Chapter 6. Directories

6.1. Shortform Directories
6.2. Block Directories
6.3. Leaf Directories
6.4. Node Directories
6.5. B+tree Directories

Only v2 directories covered here. v1 directories are obsolete.
The size of a "directory block" is defined by the superblock's (Section 3.1, “Superblocks”) sb_dirblklog value. The size in bytes = sb_blocksize * 2^sb_dirblklog. For example, if sb_blocksize = 4096, sb_dirblklog = 2, the directory block size is 16384 bytes. Directory blocks are always allocated in multiples based on sb_dirblklog. Directory blocks cannot be more that 65536 bytes in size.
Note
Note: the term "block" in this section will refer to directory blocks, not filesystem blocks unless otherwise specified.
All directory entries contain the following "data":
- Entry's name (counted string consisting of a single byte namelen followed by name consisting of an array of 8-bit chars without a NULL terminator).
- Entry's absolute inode number (Section 3.3.1, “Inode Numbers”), which are always 64 bits (8 bytes) in size except a special case for shortform directories.
- An offset or tag used for iterative readdir calls.
All non-shortform directories also contain two additional structures: "leaves" and "freespace indexes".
- Leaves contain the sorted hashed name value (xfs_da_hashname() in xfs_da_btree.c) and associated "address" which points to the effective offset into the directory's data structures. Leaves are used to optimise lookup operations.
- Freespace indexes contain free space/empty entry tracking for quickly finding an appropriately sized location for new entries. They maintain the largest free space for each "data" block.

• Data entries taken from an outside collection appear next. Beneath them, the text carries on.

(* If $f_N\in H_N^{\mathrm{sip}}$ converges weakly to $f\in H^{\mathrm{sbm}}$ with respect to the Hilbert space convergence $H_N^{\mathrm{sip}}\to H^{\mathrm{sbm}}$, then $f_N$ (viewed as an element of $H_N^{\mathrm{rw}}$) also converges weakly to $f$ (viewed as an element of $H^{\mathrm{bm}}$, i.e. its Lebesgue a.e. class) with respect to the Hilbert space convergence $H_N^{\mathrm{rw}}\to H^{\mathrm{bm}}$.
   Context: $\gamma>0$; $\mu_N$ gives mass $\frac1N$ to each point of $\frac1N\mathbb Z$; $\nu_{\gamma,N}=\mu_N+\sqrt2\gamma\delta_0$. $H_N^{\mathrm{rw}}=L^2(\frac1N\mathbb Z,\mu_N)$, $H^{\mathrm{bm}}=L^2(\mathbb R,dx)$, Hilbert convergence witnessed by $C^{\mathrm{rw}}=C_c^\infty(\mathbb R)$ and $\Phi_Nf=f|_{\frac1N\mathbb Z}$. $H_N^{\mathrm{sip}}=L^2(\frac1N\mathbb Z,\nu_{\gamma,N})$, $H^{\mathrm{sbm}}=L^2(\mathbb R,dx+\sqrt2\gamma\delta_0)$, Hilbert convergence witnessed by $C^{\mathrm{sip}}=\{f+\lambda\mathbf 1_{\{0\}}:f\in C_c^\infty(\mathbb R),\lambda\in\mathbb R\}$ and $\Phi_Nf=f|_{\frac1N\mathbb Z}$. In either setting: $g_N\in H_N$ converges strongly to $g\in H$ if there exist $\tilde g_M$ in the respective $C$ with $\|\tilde g_M-g\|_H\to0$ and $\lim_M\limsup_N\|\Phi_N\tilde g_M-g_N\|_{H_N}=0$; $f_N$ converges weakly to $f$ if $\langle f_N,g_N\rangle_{H_N}\to\langle f,g\rangle_H$ for every sequence $g_N$ converging strongly to $g$. *)

theory Defs
  imports "HOL-Analysis.Analysis"
begin

text \<open>Points of the lattice (1/N)Z are indexed by k :: int, the point being k/N.  The parameter c is the mass of
  the atom at 0: c = 0 gives the random walk / Brownian motion setting,
  c = sqrt 2 * gamma the sticky (SIP / sticky BM) setting.\<close>

definition smooth_real :: "(real \<Rightarrow> real) \<Rightarrow> bool" where
  "smooth_real f \<longleftrightarrow> (\<forall>n x. ((deriv ^^ n) f) differentiable (at x))"

definition Cc_infty :: "(real \<Rightarrow> real) set" where
  "Cc_infty = {f. smooth_real f \<and> (\<exists>R. \<forall>x. \<bar>x\<bar> > R \<longrightarrow> f x = 0)}"

definition C_rw :: "(real \<Rightarrow> real) set" where
  "C_rw = Cc_infty"

definition C_sip :: "(real \<Rightarrow> real) set" where
  "C_sip = {(\<lambda>x. f x + l * indicator {0} x) | f l. f \<in> Cc_infty}"

definition Phi :: "nat \<Rightarrow> (real \<Rightarrow> real) \<Rightarrow> int \<Rightarrow> real" where
  "Phi N f = (\<lambda>k. f (real_of_int k / real N))"

definition disc_mem :: "(int \<Rightarrow> real) \<Rightarrow> bool" where
  "disc_mem u \<longleftrightarrow> (\<lambda>k. (u k)\<^sup>2) summable_on UNIV"

definition disc_inner :: "real \<Rightarrow> nat \<Rightarrow> (int \<Rightarrow> real) \<Rightarrow> (int \<Rightarrow> real) \<Rightarrow> real" where
  "disc_inner c N u v = (\<Sum>\<^sub>\<infinity>k. u k * v k) / real N + c * u 0 * v 0"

A few common types are used for the directory structures:

typedef __uint16_t xfs_dir2_data_off_t;
typedef __uint32_t xfs_dir2_dataptr_t;

6.1. Shortform Directories

Directory entries are stored within the inode.
Only data stored is the name, inode # and offset, no "leaf" or "freespace index" information is required as an inode can only store a few entries.
"." is not stored (as it's in the inode itself), and ".." is a dedicated parent field in the header.
The number of directories that can be stored in an inode depends on the inode size (Chapter 4, On-disk Inode), the number of entries, the length of the entry names and extended attribute data.
Once the number of entries exceed the space available in the inode, the format is converted to a "Block Directory".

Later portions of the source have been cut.